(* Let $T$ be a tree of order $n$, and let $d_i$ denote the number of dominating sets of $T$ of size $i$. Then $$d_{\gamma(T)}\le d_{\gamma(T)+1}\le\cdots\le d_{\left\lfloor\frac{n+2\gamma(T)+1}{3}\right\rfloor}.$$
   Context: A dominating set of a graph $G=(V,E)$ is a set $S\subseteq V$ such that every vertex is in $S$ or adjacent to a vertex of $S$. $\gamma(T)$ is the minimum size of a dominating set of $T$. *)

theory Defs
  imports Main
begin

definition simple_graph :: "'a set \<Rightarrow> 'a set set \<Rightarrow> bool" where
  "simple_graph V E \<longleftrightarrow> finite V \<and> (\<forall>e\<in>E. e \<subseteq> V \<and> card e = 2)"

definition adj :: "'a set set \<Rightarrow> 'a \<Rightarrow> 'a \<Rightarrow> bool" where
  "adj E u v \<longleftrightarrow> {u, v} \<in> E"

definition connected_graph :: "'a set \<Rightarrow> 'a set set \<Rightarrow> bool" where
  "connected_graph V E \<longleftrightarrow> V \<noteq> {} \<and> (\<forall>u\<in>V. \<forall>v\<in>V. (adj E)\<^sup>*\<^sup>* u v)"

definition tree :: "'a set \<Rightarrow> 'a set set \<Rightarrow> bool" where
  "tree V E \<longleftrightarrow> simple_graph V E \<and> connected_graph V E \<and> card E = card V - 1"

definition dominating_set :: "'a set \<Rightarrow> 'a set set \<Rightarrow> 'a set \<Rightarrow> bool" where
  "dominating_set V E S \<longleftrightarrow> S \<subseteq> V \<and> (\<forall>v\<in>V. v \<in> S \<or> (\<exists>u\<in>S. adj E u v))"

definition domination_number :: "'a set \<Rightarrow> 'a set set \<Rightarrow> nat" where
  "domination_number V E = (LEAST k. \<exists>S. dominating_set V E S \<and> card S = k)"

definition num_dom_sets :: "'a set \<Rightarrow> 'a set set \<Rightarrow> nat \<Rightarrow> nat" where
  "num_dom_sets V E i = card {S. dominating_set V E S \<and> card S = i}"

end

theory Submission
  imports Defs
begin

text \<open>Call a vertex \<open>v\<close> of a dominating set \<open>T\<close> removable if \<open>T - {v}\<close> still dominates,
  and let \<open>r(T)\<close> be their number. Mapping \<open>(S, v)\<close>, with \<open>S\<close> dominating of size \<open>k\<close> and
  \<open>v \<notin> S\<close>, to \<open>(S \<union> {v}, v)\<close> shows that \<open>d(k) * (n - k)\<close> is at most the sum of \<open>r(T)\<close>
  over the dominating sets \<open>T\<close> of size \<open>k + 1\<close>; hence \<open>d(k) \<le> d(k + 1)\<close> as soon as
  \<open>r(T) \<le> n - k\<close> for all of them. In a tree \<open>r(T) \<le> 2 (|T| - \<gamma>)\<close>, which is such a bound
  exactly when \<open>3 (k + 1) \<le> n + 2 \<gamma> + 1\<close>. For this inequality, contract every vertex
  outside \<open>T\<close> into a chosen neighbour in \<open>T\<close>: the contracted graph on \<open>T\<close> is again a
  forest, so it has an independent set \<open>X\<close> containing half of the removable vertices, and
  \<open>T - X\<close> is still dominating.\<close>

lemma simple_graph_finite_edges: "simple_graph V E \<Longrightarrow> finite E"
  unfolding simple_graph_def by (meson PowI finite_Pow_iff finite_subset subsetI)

○ ○ ○ ○

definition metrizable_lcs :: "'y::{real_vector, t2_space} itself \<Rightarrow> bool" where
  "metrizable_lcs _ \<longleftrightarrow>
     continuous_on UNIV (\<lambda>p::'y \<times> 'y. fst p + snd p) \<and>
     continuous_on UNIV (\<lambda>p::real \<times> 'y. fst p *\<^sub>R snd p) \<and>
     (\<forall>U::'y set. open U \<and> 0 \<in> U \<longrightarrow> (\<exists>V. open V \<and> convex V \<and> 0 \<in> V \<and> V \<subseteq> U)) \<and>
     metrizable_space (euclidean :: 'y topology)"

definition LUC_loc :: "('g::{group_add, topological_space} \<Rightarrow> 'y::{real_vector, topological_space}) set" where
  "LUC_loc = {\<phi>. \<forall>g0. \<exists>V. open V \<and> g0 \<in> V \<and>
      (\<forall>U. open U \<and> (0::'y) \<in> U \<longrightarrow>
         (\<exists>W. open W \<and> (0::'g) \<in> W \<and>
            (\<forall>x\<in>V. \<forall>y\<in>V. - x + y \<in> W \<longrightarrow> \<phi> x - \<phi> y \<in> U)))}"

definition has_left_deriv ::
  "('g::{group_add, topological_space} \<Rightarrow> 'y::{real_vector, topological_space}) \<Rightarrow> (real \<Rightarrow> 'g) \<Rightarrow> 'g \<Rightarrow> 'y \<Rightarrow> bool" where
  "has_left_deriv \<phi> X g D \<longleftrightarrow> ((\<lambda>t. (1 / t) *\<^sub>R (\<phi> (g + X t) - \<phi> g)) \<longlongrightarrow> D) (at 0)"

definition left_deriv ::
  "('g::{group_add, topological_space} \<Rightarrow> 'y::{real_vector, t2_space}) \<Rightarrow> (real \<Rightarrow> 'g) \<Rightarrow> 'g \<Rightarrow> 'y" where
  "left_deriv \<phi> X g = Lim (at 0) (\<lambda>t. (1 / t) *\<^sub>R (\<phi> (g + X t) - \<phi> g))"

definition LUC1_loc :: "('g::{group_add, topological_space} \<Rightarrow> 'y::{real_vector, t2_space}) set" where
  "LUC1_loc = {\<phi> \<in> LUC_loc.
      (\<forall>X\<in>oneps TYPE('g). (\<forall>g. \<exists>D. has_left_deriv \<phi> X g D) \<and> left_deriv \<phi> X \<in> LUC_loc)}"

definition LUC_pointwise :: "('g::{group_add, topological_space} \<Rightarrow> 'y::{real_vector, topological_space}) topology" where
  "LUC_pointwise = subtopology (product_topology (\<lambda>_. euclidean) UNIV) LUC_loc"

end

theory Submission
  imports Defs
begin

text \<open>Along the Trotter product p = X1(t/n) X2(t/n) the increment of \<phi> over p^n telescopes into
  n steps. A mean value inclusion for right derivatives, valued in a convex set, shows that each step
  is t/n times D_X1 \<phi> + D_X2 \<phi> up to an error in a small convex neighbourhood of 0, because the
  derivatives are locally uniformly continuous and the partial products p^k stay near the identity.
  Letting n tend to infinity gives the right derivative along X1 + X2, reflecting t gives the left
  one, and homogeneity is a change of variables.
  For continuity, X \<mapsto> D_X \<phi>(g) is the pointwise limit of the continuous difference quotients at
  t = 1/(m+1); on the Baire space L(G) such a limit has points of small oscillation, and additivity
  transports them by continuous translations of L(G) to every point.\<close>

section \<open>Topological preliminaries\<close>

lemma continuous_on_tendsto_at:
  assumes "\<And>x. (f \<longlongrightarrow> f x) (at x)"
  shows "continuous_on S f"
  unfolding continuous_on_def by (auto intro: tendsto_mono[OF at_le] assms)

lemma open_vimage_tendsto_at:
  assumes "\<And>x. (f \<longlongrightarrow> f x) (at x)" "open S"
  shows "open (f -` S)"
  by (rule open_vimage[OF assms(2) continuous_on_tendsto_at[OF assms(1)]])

○ ○ ○ ○

» **REQUIRED WORK**
Looking over the records, find each line with the word "tree" and copy it.

» **ANSWER TO THIS TASK**
(* Let $T$ be a tree of order $n$, and let $d_i$ denote the number of dominating sets of $T$ of size $i$. Then $$d_{\gamma(T)}\le d_{\gamma(T)+1}\le\cdots\le d_{\left\lfloor\frac{n+2\gamma(T)+1}{3}\right\rfloor}.$$
definition tree :: "'a set \<Rightarrow> 'a set set \<Rightarrow> bool" where
  "tree V E \<longleftrightarrow> simple_graph V E \<and> connected_graph V E \<and> card E = card V - 1"
  \<open>r(T) \<le> n - k\<close> for all of them. In a tree \<open>r(T) \<le> 2 (|T| - \<gamma>)\<close>, which is such a bound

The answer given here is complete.